寒王拉住马头,翻身下马走到小男孩面前,按住了孩子的头。
见状,所有人都摒住了呼吸。
“孩子,别哭,我带你去找母亲。”温柔的声音,却充满了具有穿透力的磁性,连江兰离这么远都能听得清清楚楚。
人群哗啦向两边散开,寒王拉着小男孩的手,朝这边走来。
江兰终于看清了寒王的样子,顿时痴了。那人仿佛从云的一端,缓缓朝她走来,明亮闪烁的让她几乎睁不开眼睛。
月牙白的袍子襟摆上绣着金丝麒麟纹,巧夺天工,精美绝伦。无暇的几近透明的宫羽在腰间随风飞舞,更显其飘逸出尘。腰间别着一把银白的剑,剑上华丽的金色流苏随着他的步伐似水般摇曳流动。长及膝的漆黑云发用白玉束带扎在一侧。

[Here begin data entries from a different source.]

lemma bi_lipschitz_lift_of_circle_map:
  fixes L :: "real \<Rightarrow> real"
  assumes cont: "continuous_on UNIV L" and mono: "strict_mono L"
    and upper: "\<And>a b. cmod (cis (L a) - cis (L b)) \<le> C * cmod (cis a - cis b)"
    and lower: "\<And>a b. cmod (cis a - cis b) \<le> C * cmod (cis (L a) - cis (L b))"
  shows "\<exists>m M. 0 < m \<and> bi_lipschitz_lift m M L"
proof -
  have "0 < C"
  proof (rule ccontr)
    assume "\<not> 0 < C"
    hence "C * cmod (cis (L 0) - cis (L pi)) \<le> 0" by (simp add: mult_nonpos_nonneg)
    thus False using lower[of 0 pi] by simp
  qed
  have per: "L (\<theta> + 2*pi) = L \<theta> + 2*pi" for \<theta>
  proof (rule strict_mono_lift_periodic[OF cont mono])
    show "cis (L a) = cis (L b) \<longleftrightarrow> cis a = cis b" for a b
      using upper[of a b] lower[of a b] \<open>0 < C\<close> by (auto simp: mult_le_0_iff)
  qed
  define m where "m = 1 / (3 * C)"
  have "0 < m" using \<open>0 < C\<close> by (simp add: m_def)
  have L_lower: "m * (a - b) \<le> L a - L b" if ab: "b \<le> a" "a \<le> b + pi" for a b
  proof -
    have "(a - b) / 3 \<le> cmod (cis a - cis b)" using norm_cis_diff_ge[of a b] ab by simp
    also have "\<dots> \<le> C * cmod (cis (L a) - cis (L b))" by (rule lower)
    also have "\<dots> \<le> C * (L a - L b)"
      using norm_cis_diff_le[of "L a" "L b"] strict_mono_less_eq[OF mono, of b a] ab \<open>0 < C\<close>
      by (intro mult_left_mono) auto
    finally show ?thesis using \<open>0 < C\<close> by (simp add: m_def field_simps)
  qed
  have "bi_lipschitz_lift m (max (3 * C) (6 * C / m)) L"
    unfolding bi_lipschitz_lift_def
    using per L_lower lift_increment_upper[OF per L_lower upper \<open>0 < m\<close>] \<open>0 < C\<close> by simp
  thus ?thesis using \<open>0 < m\<close> by blast
qed
(* Let $q$ be an odd prime power, let $d \geq 1$ and $n \geq 2$ be integers, and let $M_n(\mathbb{F}_q)$ denote the set of $n \times n$ matrices with entries in the finite field $\mathbb{F}_q$. Let $\mathcal{A}_1,\dots,\mathcal{A}_d,\mathcal{B}_1,\dots,\mathcal{B}_d,\mathcal{E},\mathcal{F} \subset M_n(\mathbb{F}_q)$, and let $N$ be the number of tuples $(A_1,\dots,A_d,B_1,\dots,B_d,E,F)$ with $A_i \in \mathcal{A}_i$, $B_i \in \mathcal{B}_i$ ($1 \le i \le d$), $E \in \mathcal{E}$, $F \in \mathcal{F}$ satisfying \[ A_1B_1 + A_2B_2 + \dots + A_dB_d = E + F. \] Then \[ \left| N - \frac{|\mathcal{E}||\mathcal{F}|\prod_{i=1}^d |\mathcal{A}_i||\mathcal{B}_i|}{q^{n^2}} \right| \ll q^{dn^2 - (d-1)n/2 - 1/2} \sqrt{|\mathcal{E}||\mathcal{F}|\prod_{i=1}^d|\mathcal{A}_i||\mathcal{B}_i|}. \]
   Context: The notation $X \ll Y$ means $X \le C\,Y$ for some positive constant $C$ depending only on $d$ and $n$ (not on $q$ or on the sets). *)

theory Defs
  imports "HOL-Algebra.Algebra" "HOL-Library.FuncSet"
begin

type_synonym 'a mat = "nat \<Rightarrow> nat \<Rightarrow> 'a"

definition mat_set :: "('a, 'm) ring_scheme \<Rightarrow> nat \<Rightarrow> 'a mat set" where
  "mat_set R n = {0..<n} \<rightarrow>\<^sub>E ({0..<n} \<rightarrow>\<^sub>E carrier R)"

definition mat_zero :: "('a, 'm) ring_scheme \<Rightarrow> nat \<Rightarrow> 'a mat" where
  "mat_zero R n = (\<lambda>i\<in>{0..<n}. \<lambda>j\<in>{0..<n}. \<zero>\<^bsub>R\<^esub>)"

definition mat_add :: "('a, 'm) ring_scheme \<Rightarrow> nat \<Rightarrow> 'a mat \<Rightarrow> 'a mat \<Rightarrow> 'a mat" where
  "mat_add R n A B = (\<lambda>i\<in>{0..<n}. \<lambda>j\<in>{0..<n}. A i j \<oplus>\<^bsub>R\<^esub> B i j)"
text \<open>The scalar core of the Bregman-distance rate: after testing minimality against the exact
  solution and inserting the source condition, Young's inequality absorbs the residual \<open>r\<close> and
  the model mismatch \<open>q\<close>; the restriction \<open>\<kappa>3 < \<gamma> / (2 \<alpha>_max)\<close> is what leaves a positive
  multiple of \<open>q\<^sup>2\<close> for this.\<close>
lemma tikhonov_bregman_rate:
  fixes r q nu ne bb z D L \<alpha> \<eta> :: real
  assumes minimality: "r\<^sup>2 / 2 + \<gamma> / 2 * q\<^sup>2 + \<alpha> * (D + L) \<le> nu\<^sup>2 / 2 + \<gamma> / 2 * ne\<^sup>2"
    and source: "- L \<le> \<kappa>1 * D + \<kappa>2 * bb + \<kappa>3 * z"
    and bb: "bb \<le> r + nu" and z: "z \<le> (q + ne)\<^sup>2"
    and nonneg: "0 \<le> r" "0 \<le> q" "0 \<le> nu" "0 \<le> ne" "0 \<le> D"
    and noise: "nu \<le> \<eta>" "ne \<le> \<eta>"
    and \<alpha>: "0 < \<alpha>" "\<alpha> \<le> \<alpha>_max" "m * \<eta> \<le> \<alpha>" "\<alpha> \<le> M * \<eta>"
    and \<kappa>: "\<kappa>1 < 1" "0 \<le> \<kappa>2" "0 \<le> \<kappa>3" "\<kappa>3 < \<gamma> / (2 * \<alpha>_max)"
    and pos: "0 < m" "0 < \<gamma>" "0 < \<alpha>_max"
  shows "D \<le> (1/2 + \<gamma>/2 + M * \<kappa>2 + (M * \<kappa>2)\<^sup>2 / 2 + \<alpha>_max * \<kappa>3
                + (\<alpha>_max * \<kappa>3)\<^sup>2 / (\<gamma>/2 - \<alpha>_max * \<kappa>3)) / (m * (1 - \<kappa>1)) * \<eta>"
proof -
  define c3 where "c3 = \<alpha>_max * \<kappa>3"
  define A where "A = \<gamma>/2 - c3"
  define K where "K = 1/2 + \<gamma>/2 + M * \<kappa>2 + (M * \<kappa>2)\<^sup>2 / 2 + c3 + c3\<^sup>2 / A"
  have "\<kappa>3 * (2 * \<alpha>_max) < \<gamma>" using \<kappa>(4) pos by (simp add: pos_less_divide_eq)
  then have A: "0 < A" unfolding A_def c3_def by (simp add: algebra_simps)
  have c3: "0 \<le> c3" "\<alpha> * \<kappa>3 \<le> c3" using \<kappa> \<alpha> unfolding c3_def by (auto intro: mult_right_mono)
  have "\<eta> \<noteq> 0" using \<alpha> by auto
  then have \<eta>: "0 < \<eta>" using noise nonneg by linarith
  have "\<alpha> * (1 - \<kappa>1) * D \<le> nu\<^sup>2/2 + \<gamma>/2 * ne\<^sup>2 - r\<^sup>2/2 - \<gamma>/2 * q\<^sup>2 + \<alpha> * \<kappa>2 * bb + \<alpha> * \<kappa>3 * z"
    using minimality mult_left_mono[OF source, of \<alpha>] \<alpha>(1) by (simp add: algebra_simps)
  moreover have "\<alpha> * \<kappa>2 * bb - r\<^sup>2/2 \<le> \<alpha> * \<kappa>2 * nu + (\<alpha> * \<kappa>2)\<^sup>2 / 2"
  proof -
    have "\<alpha> * \<kappa>2 * bb \<le> \<alpha> * \<kappa>2 * (r + nu)" using bb \<alpha> \<kappa> by (intro mult_left_mono) auto
    moreover have "0 \<le> (r - \<alpha> * \<kappa>2)\<^sup>2" by simp
    ultimately show ?thesis by (simp add: power2_eq_square algebra_simps)
  qed
  moreover have "\<alpha> * \<kappa>3 * z - \<gamma>/2 * q\<^sup>2 \<le> (c3 + c3\<^sup>2 / A) * ne\<^sup>2"
  proof -
    have "\<alpha> * \<kappa>3 * z \<le> \<alpha> * \<kappa>3 * (q + ne)\<^sup>2" using z \<alpha> \<kappa> by (intro mult_left_mono) auto
    also have "\<dots> \<le> c3 * (q + ne)\<^sup>2" using c3 by (intro mult_right_mono) auto
    finally show ?thesis using square_sum_absorb[of c3 "\<gamma>/2" q ne] A c3 unfolding A_def by simp
  qed
  moreover have "\<alpha> * \<kappa>2 * nu \<le> M * \<kappa>2 * \<eta>\<^sup>2"
  proof -
    have "\<alpha> * nu \<le> (M * \<eta>) * \<eta>" using \<alpha> noise nonneg by (intro mult_mono) auto
    then have "\<kappa>2 * (\<alpha> * nu) \<le> \<kappa>2 * ((M * \<eta>) * \<eta>)" using \<kappa> by (intro mult_left_mono)
    then show ?thesis by (simp add: power2_eq_square algebra_simps)
  qed
  moreover have "(\<alpha> * \<kappa>2)\<^sup>2 / 2 \<le> (M * \<kappa>2)\<^sup>2 / 2 * \<eta>\<^sup>2"
  proof -
    have "\<alpha>\<^sup>2 \<le> (M * \<eta>)\<^sup>2" using \<alpha> by (intro power_mono) auto
    then have "\<alpha>\<^sup>2 * \<kappa>2\<^sup>2 \<le> (M * \<eta>)\<^sup>2 * \<kappa>2\<^sup>2" by (intro mult_right_mono) auto
    then show ?thesis by (simp add: power_mult_distrib algebra_simps)
  qed
  moreover have "nu\<^sup>2 \<le> \<eta>\<^sup>2" "ne\<^sup>2 \<le> \<eta>\<^sup>2" using noise nonneg by (auto intro: power_mono)
  moreover have "(c3 + c3\<^sup>2 / A) * ne\<^sup>2 \<le> (c3 + c3\<^sup>2 / A) * \<eta>\<^sup>2"
    using \<open>ne\<^sup>2 \<le> \<eta>\<^sup>2\<close> A c3 by (intro mult_left_mono) auto
  moreover have "\<gamma>/2 * ne\<^sup>2 \<le> \<gamma>/2 * \<eta>\<^sup>2" using \<open>ne\<^sup>2 \<le> \<eta>\<^sup>2\<close> pos by simp
  moreover have "K * \<eta>\<^sup>2 = \<eta>\<^sup>2/2 + \<gamma>/2 * \<eta>\<^sup>2 + M * \<kappa>2 * \<eta>\<^sup>2 + (M * \<kappa>2)\<^sup>2 / 2 * \<eta>\<^sup>2
                              + (c3 + c3\<^sup>2 / A) * \<eta>\<^sup>2"
    unfolding K_def by (simp add: algebra_simps)
  moreover have "0 \<le> r\<^sup>2/2" "0 \<le> \<gamma>/2 * q\<^sup>2" using pos by auto
  ultimately have "\<alpha> * (1 - \<kappa>1) * D \<le> K * \<eta>\<^sup>2" by linarith
  moreover have "m * \<eta> * (1 - \<kappa>1) * D \<le> \<alpha> * (1 - \<kappa>1) * D"
    using \<alpha>(3) \<kappa>(1) nonneg(5) by (intro mult_right_mono) auto
  ultimately have "\<eta> * (m * (1 - \<kappa>1) * D) \<le> \<eta> * (K * \<eta>)"
    by (simp add: power2_eq_square algebra_simps)
  then have "D * (m * (1 - \<kappa>1)) \<le> K * \<eta>" using \<eta> by (simp add: mult.commute)
  then have "D \<le> K * \<eta> / (m * (1 - \<kappa>1))" using pos \<kappa>(1) by (simp add: pos_le_divide_eq)
  then show ?thesis unfolding K_def c3_def A_def by simp
qed
lemma source_unique_if_sink_unique:
  assumes sinks: "\<And>t t'. sink t \<Longrightarrow> sink t' \<Longrightarrow> t = t'"
    and "source v" "source w"
  shows "v = w"
proof (rule ccontr)
  assume "v \<noteq> w"
  have v: "v < n" and w: "w < n" using assms(2,3) by (auto simp: source_iff)
  obtain m where m: "m < n" "w = cyc_add v m" using cyc_add_surj[OF v w] by blast
  with \<open>v \<noteq> w\<close> v have "0 < m" by (metis cyc_add_0 gr0I)
  have "v = cyc_add w (n - m)" using m v by (simp add: cyc_add_add cyc_add_n)
  obtain j where j: "0 < j" "j < m" "sink (cyc_add v j)"
    using sink_between_sources[OF assms(2)] m \<open>0 < m\<close> assms(3) by blast
  obtain j' where j': "0 < j'" "j' < n - m" "sink (cyc_add w j')"
    using sink_between_sources[OF assms(3)] \<open>v = cyc_add w (n - m)\<close> m assms(2) by force
  have "cyc_add v j = cyc_add v (m + j')"
    using sinks[OF j(3) j'(3)] m by (simp add: cyc_add_add)
  then have "j = m + j'" using cyc_add_inj j j' m by simp
  then show False using j by simp
qed

lemma out_singleton_if_unidirectional:
  assumes "unidirectional n A" "v < n"
  shows "\<exists>x. A `` {v} = {x}"
proof -
  obtain \<sigma> where \<sigma>: "bij_betw \<sigma> {0..<n} {0..<n}"
    and A: "A = {(\<sigma> i, \<sigma> (Suc i mod n)) | i. i < n}"
    using assms(1) unfolding unidirectional_def by blast
  have "v \<in> \<sigma> ` {0..<n}" using \<sigma> assms(2) by (simp add: bij_betw_def)
  then obtain i where i: "i < n" "v = \<sigma> i" by auto
  have "A `` {v} = {\<sigma> (Suc i mod n)}"
    using i \<sigma> unfolding A bij_betw_def by (auto dest: inj_onD)
  then show ?thesis by blast
qed

lemma unidirectional_if_out:
  assumes \<sigma>: "bij_betw \<sigma> {0..<n} {0..<n}"
    and out: "\<And>i. i < n \<Longrightarrow> A `` {\<sigma> i} = {\<sigma> (cyc_succ i)}"
  shows "unidirectional n A"
  unfolding unidirectional_def
proof (intro exI conjI)
  show "A = {(\<sigma> i, \<sigma> (Suc i mod n)) | i. i < n}"
  proof (intro equalityI subsetI)
    fix p assume "p \<in> A"
    then obtain u v where p: "p = (u, v)" "(u, v) \<in> A" by (cases p) auto
    have "u \<in> \<sigma> ` {0..<n}" using \<sigma> arc_cases[OF p(2)] by (simp add: bij_betw_def)
    then obtain i where "i < n" "u = \<sigma> i" by auto
    then show "p \<in> {(\<sigma> i, \<sigma> (Suc i mod n)) | i. i < n}"
      using p out by (auto simp: cyc_succ_eq)
  qed (use out in \<open>auto simp: cyc_succ_eq\<close>)
qed (rule \<sigma>)

lemma unidirectional_if_forward:
  assumes forward: "\<forall>i<n. (i, cyc_succ i) \<in> A"
  shows "unidirectional n A"
proof (rule unidirectional_if_out[OF bij_betw_id])
  fix i assume i: "i < n"
  have "(cyc_pred i, i) \<in> A"
    using forward cyc_pred_lt cyc_succ_pred[OF i] by metis
  then have "(i, cyc_pred i) \<notin> A" by (rule arc_antisym)
  then show "A `` {id i} = {id (cyc_succ i)}"
    using out_subset[of i] forward i by auto
qed

lemma reflect_cyc_succ:
  assumes "i < n"
  shows "n - 1 - cyc_succ i = cyc_pred (n - 1 - i)"
proof (cases "Suc i = n")
  case True
  then show ?thesis by (simp add: cyc_succ_eq cyc_pred_def cyc_add_def)
next
  case False
  with assms have split: "n - 1 - i + (n - 1) = (n - 1 - Suc i) + n" by simp
  have "cyc_pred (n - 1 - i) = n - 1 - Suc i"
    unfolding cyc_pred_def cyc_add_def split using three_le_n by simp
  with False assms show ?thesis by (simp add: cyc_succ_eq)
qed

lemma unidirectional_if_backward:
  assumes backward: "\<forall>i<n. (i, cyc_succ i) \<notin> A"
  shows "unidirectional n A"
proof (rule unidirectional_if_out)
  show "bij_betw (\<lambda>i. n - 1 - i) {0..<n} {0..<n}"
    by (rule bij_betw_byWitness[where f' = "\<lambda>i. n - 1 - i"]) auto
  fix i assume i: "i < n"
  let ?v = "n - 1 - i"
  have v: "?v < n" using i by simp
  have "(?v, cyc_pred ?v) \<in> A"
    using backward cycle_edge_pred[OF v] cyc_succ_pred[OF v] cyc_pred_lt by metis
  then show "A `` {?v} = {n - 1 - cyc_succ i}"
    unfolding reflect_cyc_succ[OF i] using out_subset[of ?v] backward v by auto
qed

lemma bij_betw_Suc_labels: "bij_betw Suc {0..<n} {1..card {0..<n}}"
  by (simp add: bij_betw_def atLeastLessThanSuc_atLeastAtMost)

lemma common_sink_if_same_weight:
  assumes "inj_on f {0..<n}" "A `` {u} = {x}" "A `` {w} = {y}" "u \<noteq> w"
    and "weightD {0..<n} A {1} f u = weightD {0..<n} A {1} f w"
  shows "x = y \<and> sink x"
proof -
  have "(u, x) \<in> A" "(w, y) \<in> A" using assms(2,3) by auto
  moreover have "f x = f y" using assms(5) unfolding weight_eq_sum_out assms(2,3) by simp
  ultimately have "x = y" using inj_onD[OF assms(1)] arc_cases by auto
  with \<open>(u, x) \<in> A\<close> \<open>(w, y) \<in> A\<close> assms(4) show ?thesis
    using sink_if_common_out_neighbour by blast
qed

lemma antimagic_if_unidirectional:
  assumes "unidirectional n A"
  shows "D_antimagic {0..<n} A {1}"
proof -
  have "inj_on (weightD {0..<n} A {1} Suc) {0..<n}"
  proof (rule inj_onI, rule ccontr)
    fix u w assume "u \<in> {0..<n}" "w \<in> {0..<n}" "u \<noteq> w"
      and "weightD {0..<n} A {1} Suc u = weightD {0..<n} A {1} Suc w"
    moreover obtain x y where "A `` {u} = {x}" "A `` {w} = {y}"
      using out_singleton_if_unidirectional[OF assms] \<open>u \<in> {0..<n}\<close> \<open>w \<in> {0..<n}\<close>
      by (meson atLeastLessThan_iff)
    ultimately have "sink x" using common_sink_if_same_weight[of Suc] by auto
    with out_singleton_if_unidirectional[OF assms, of x] show False by (auto simp: sink_iff)
  qed
  then show ?thesis
    unfolding D_antimagic_def D_antimagic_labeling_def using bij_betw_Suc_labels by blast
qed
lemma Ypmf_eq_observe_noisy:
  "Ypmf n r blkA blkB p eps =
     map_pmf (observe_noisy n blkA blkB) (pair_pmf (block_bits_pmf r) (noise_matrix_pmf n p eps))"
proof -
  have "pair_pmf (Pi_pmf ({..<n} \<times> {..<n}) False (\<lambda>_. bernoulli_pmf p))
                 (Pi_pmf ({..<n} \<times> {..<n}) False (\<lambda>_. bernoulli_pmf eps)) =
        map_pmf (\<lambda>w. (\<lambda>x. fst (w x), \<lambda>x. snd (w x))) (noise_matrix_pmf n p eps)"
    unfolding noise_matrix_pmf_def noise_pmf_def by (rule pair_pmf_Pi_pmf) auto
  then show ?thesis
    unfolding Ypmf_def block_bits_pmf_def[symmetric]
    by (simp add: pair_map_pmf2 map_pmf_comp observe_noisy_def[abs_def] apsnd_def map_prod_def
        case_prod_beta)
qed

lemma observe_noisy_entry:
  assumes "a < n" "l < n"
  shows "observe_noisy n blkA blkB (\<xi>, w) (a, l) =
         (if snd (w (a, l)) then None else Some (\<xi> (blkA a, blkB l) \<noteq> fst (w (a, l))))"
  using assms by (simp add: observe_noisy_def observe_def)

definition observed_agree :: "bool \<Rightarrow> bool \<Rightarrow> bool \<times> bool \<Rightarrow> bool \<times> bool \<Rightarrow> bool" where
  "observed_agree x y u v \<longleftrightarrow> \<not> snd u \<and> \<not> snd v \<and> (x \<noteq> fst u) = (y \<noteq> fst v)"

lemma sim_observe_noisy:
  assumes "b < n" "blkA 0 = 0"
  shows "sim n (observe_noisy n blkA blkB (\<xi>, w)) 0 b =
         card {l \<in> {..<n}. observed_agree (\<xi> (0, blkB l)) (\<xi> (blkA b, blkB l)) (w (0, l)) (w (b, l))}"
  unfolding sim_def using assms
  by (intro arg_cong[where f = card] Collect_cong)
     (auto simp: observe_noisy_entry observed_agree_def split: if_splits)

text \<open>Two independent BSC(\<open>p\<close>) outputs agree with probability \<open>bsc_agree p\<close> if the inputs
  are equal and with probability \<open>1 - bsc_agree p\<close> otherwise.\<close>

definition bsc_agree :: "real \<Rightarrow> real" where
  "bsc_agree p = (1 - p)^2 + p^2"

lemma bsc_agree_gap: "bsc_agree p - (1 - bsc_agree p) = (1 - 2 * p)^2"
  by (simp add: bsc_agree_def power2_eq_square algebra_simps)

lemma bsc_agree_bounds:
  assumes "0 \<le> p" "p \<le> 1"
  shows "(1 - 2 * p)^2 \<le> bsc_agree p" "bsc_agree p \<le> 1" "0 \<le> bsc_agree p"
proof -
  have "bsc_agree p = 1 - 2 * (p * (1 - p))"
    by (simp add: bsc_agree_def power2_eq_square algebra_simps)
  moreover have "0 \<le> p * (1 - p)" using assms by simp
  ultimately show "bsc_agree p \<le> 1" by linarith
  then show "(1 - 2 * p)^2 \<le> bsc_agree p" using bsc_agree_gap[of p] by linarith
  show "0 \<le> bsc_agree p" by (simp add: bsc_agree_def)
qed

text \<open>Given the block bits \<open>\<xi>\<close>, \<open>sim n Y 0 b\<close> is a sum over the columns \<open>l\<close> of independent
  indicators with success probabilities \<open>agree_prob p eps blkA blkB \<xi> b l\<close>.\<close>

definition agree_prob ::
  "real \<Rightarrow> real \<Rightarrow> (nat \<Rightarrow> nat) \<Rightarrow> (nat \<Rightarrow> nat) \<Rightarrow> (nat \<times> nat \<Rightarrow> bool) \<Rightarrow> nat \<Rightarrow> nat \<Rightarrow> real"
where
  "agree_prob p eps blkA blkB \<xi> b l =
     (if b = 0 then 1 - eps
      else (1 - eps)^2 * (if \<xi> (0, blkB l) = \<xi> (blkA b, blkB l) then bsc_agree p else 1 - bsc_agree p))"

lemma agree_prob_bounds:
  assumes "0 \<le> p" "p \<le> 1" "0 \<le> eps" "eps \<le> 1"
  shows "0 \<le> agree_prob p eps blkA blkB \<xi> b l \<and> agree_prob p eps blkA blkB \<xi> b l \<le> 1"
proof -
  have "0 \<le> bsc_agree p" "bsc_agree p \<le> 1" using bsc_agree_bounds[OF assms(1,2)] by auto
  moreover have "0 \<le> (1 - eps)^2" "(1 - eps)^2 \<le> 1" using assms(3,4) by (auto simp: power_le_one)
  ultimately show ?thesis using assms(3,4) by (auto simp: agree_prob_def intro!: mult_le_one)
qed

lemma expectation_exp_observed_agree:
  assumes "0 \<le> p" "p \<le> 1" "0 \<le> eps" "eps \<le> 1"
  shows "measure_pmf.expectation (noise_pmf p eps) (\<lambda>u. measure_pmf.expectation (noise_pmf p eps)
            (\<lambda>v. exp (t * of_bool (observed_agree x y u v)))) =
         1 + (exp t - 1) * ((1 - eps)^2 * (if x = y then bsc_agree p else 1 - bsc_agree p))"
  using assms
  by (cases x; cases y)
     (simp_all add: noise_pmf_def expectation_pair_pmf integral_bernoulli_pmf observed_agree_def
        bsc_agree_def power2_eq_square algebra_simps)

lemma expectation_exp_observed:
  assumes "0 \<le> p" "p \<le> 1" "0 \<le> eps" "eps \<le> 1"
  shows "measure_pmf.expectation (noise_pmf p eps) (\<lambda>u. exp (t * of_bool (\<not> snd u))) =
         1 + (exp t - 1) * (1 - eps)"
  using assms
  by (simp add: noise_pmf_def expectation_pair_pmf integral_bernoulli_pmf algebra_simps)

面如冠玉,皓齿明眸,唇边挂着淡雅的微笑。但他漆黑的眼瞳深不见底,好像宇宙尽头可以吞噬一切的黑洞,又似最高山巅,永世不可攀附的高贵冰雪。
走到孩子母亲面前,寒王道:“大嫂,孩子没事。”
“谢谢寒王。”那位母亲激动地鞠躬,四周的百姓鼓起掌来。
寒王点头向周围的人之意,回到街中央重新上马,带着队伍往前走。
江兰呆呆地看着他转身离去,直到寒王的队伍消失在尽头,她才回过神,自言自语:“原来这就是白马王子。”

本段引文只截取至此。